Info Edition
Bibliothèque Québécoise – 2022
96 pages
4e de couverture
Anouk a quitté son appartement confortable de Montréal pour un refuge forestier délabré au Kamouraska. Encabanée loin de tout dans le plus rude des hivers, elle livre son récit sous forme de carnet de bord, avec en prime listes et dessins. Cherchant à apprivoiser son mode de vie frugal et à chasser sa peur, elle couche sur papier la métamorphose qui s’opère en elle : la peur du noir et des coyotes fait place à l’émerveillement ; le dégoût du système, à l’espoir ; les difficultés du quotidien, au perfectionnement des techniques de déneigement, de chauffage du poêle, de cohabitation avec les bêtes qui règnent dans la forêt boréale?

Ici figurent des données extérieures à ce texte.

(* The complement $\mathbb{R}^3\setminus(\mathcal{C}\cup Son\cup Son')$ has exactly twelve connected components (six in the half-space $Y>0$ and six in the half-space $Y<0$, the two collections being exchanged by the reflection $(z,\tau,Y)\mapsto(z,\tau,-Y)$).
   Context: Fix $b_1>1$ and $c>0$. In $\mathbb{R}^3$ with coordinates $(z,\tau,Y)$, let $\mathcal{C}=\{Y=0\}$, let the sonic surface $Son$ be the zero set of $c\,z[(b_1+1)z^2+3]\tau+[(b_1+1)z^2-1]\frac{Y}{2}+\frac{c[(b_1-1)z^2+1]}{z^2+1}$, and let the sonic$'$ surface $Son'$ be the zero set of $c\,z[(b_1+1)z^2+3]\tau-[(b_1+1)z^2-1]\frac{Y}{2}+\frac{c[(b_1-1)z^2+1]}{z^2+1}$. *)

theory Defs
  imports "HOL-Analysis.Analysis"
begin

definition son_fun :: "real \<Rightarrow> real \<Rightarrow> real \<times> real \<times> real \<Rightarrow> real" where
  "son_fun b1 c p = (case p of (z, \<tau>, Y) \<Rightarrow>
     c * z * ((b1 + 1) * z^2 + 3) * \<tau> + ((b1 + 1) * z^2 - 1) * (Y / 2)
     + c * ((b1 - 1) * z^2 + 1) / (z^2 + 1))"

definition son'_fun :: "real \<Rightarrow> real \<Rightarrow> real \<times> real \<times> real \<Rightarrow> real" where
  "son'_fun b1 c p = (case p of (z, \<tau>, Y) \<Rightarrow>
     c * z * ((b1 + 1) * z^2 + 3) * \<tau> - ((b1 + 1) * z^2 - 1) * (Y / 2)
     + c * ((b1 - 1) * z^2 + 1) / (z^2 + 1))"

definition C_plane :: "(real \<times> real \<times> real) set" where
  "C_plane = {p. snd (snd p) = 0}"

definition Son :: "real \<Rightarrow> real \<Rightarrow> (real \<times> real \<times> real) set" where
  "Son b1 c = {p. son_fun b1 c p = 0}"

definition Son' :: "real \<Rightarrow> real \<Rightarrow> (real \<times> real \<times> real) set" where
  "Son' b1 c = {p. son'_fun b1 c p = 0}"

definition reflY :: "real \<times> real \<times> real \<Rightarrow> real \<times> real \<times> real" where
  "reflY p = (case p of (z, \<tau>, Y) \<Rightarrow> (z, \<tau>, - Y))"

end

theory Submission
  imports Defs
begin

« Encabanée » est un voyage au creux des bois et de soi. Une quête de sens loin de la civilisation. Un retour aux sources. Le pèlerinage nécessaire pour revisiter ses racines québécoises, avec la rigueur des premiers campements de la colonie et une bibliothèque de poètes pour ne pas perdre le nord.
Mais faut-il aller jusqu’à habiter le territoire pour mieux le défendre ?
Mon avis
On peut dire que Gabrielle Filteau-Chiba m’a totalement embarquée avec ce court roman qui mêle la nature dans tout ce qu’elle a de plus sauvage et une psychologie très introspective.
Alors que l’autrice a fait le choix de fictionnaliser son récit par le biais de sa narratrice, la puissance du réel donne une immense force au récit. J’ai d’ailleurs crû pendant une bonne partie du roman que tout ce qui était raconté provenait du vécu de l’autrice.
Anouk passe de son émerveillement de la nature qui l’entoure à des digressions sur la société quelque peu gangrénée qu’elle a voulu fuir. Rien n’est pourtant si simple, puisque la nature peut parfois devenir particulièrement hostile lorsqu’on se retrouve seule au cœur de la forêt, en plein hiver. La société peut, quant à elle, devenir attirante quand elle débarque sous les traits d’un concitoyen sympathique…
Comment fait-on pour s’éviter l’usure, le cynisme, l’apathie quand le peuple plie et s’agenouille devant l’autorité, consentant comme un cornouiller qui ne capte plus de rêves?
p.17
L’écriture, à la fois sensible et sincère, est parfaitement équilibrée. On y trouve certains passages particulièrement poétiques et d’autres beaucoup plus bruts décrivant tour à tour la douceur de la narratrice et sa colère permanente. Anouk est emplie de questionnements sans réponses, montrant toute son humanité et ses doutes au fur et à mesure de l’avancée de son expérience.
Je ne veux pas de votre argent, ni vivre l’asservissement du neuf à cinq et ne jamais avoir le temps de danser. Rêver d’un bal comme d’une retraite anticipée ou d’un voyage tout inclus avec un prince de Walt Disney. Pas pour moi. Je veux marcher dans le bois sans jamais penser au temps. Je n’ai pas besoin de montre, d’assurances, d’hormones synthétiques, de colorant à cheveux, de piscine hors terre, de cellulaire plus intelligent que moi, d’un GPS pour guider mes pas, de sacoche griffée, de vêtements neufs, d’avortements cliniques, de cache-cernes, d’antisudorifiques bourrés d’aluminium, d’un faux diamant collé sur une de mes canines, ni d’amies qui me jalousent. De toutes ces choses qui forment le mirage d’une vie réussie. Consommer pour combler un vide tellement profond qu’il donne le vertige.
p.26
J’ai lu ce livre d’un seul souffle, sans pouvoir m’arrêter. Je vais m’empresser de me procurer les autres tomes de cette trilogie mais je peux déjà affirmer que c’est une magnifique rencontre de lecture.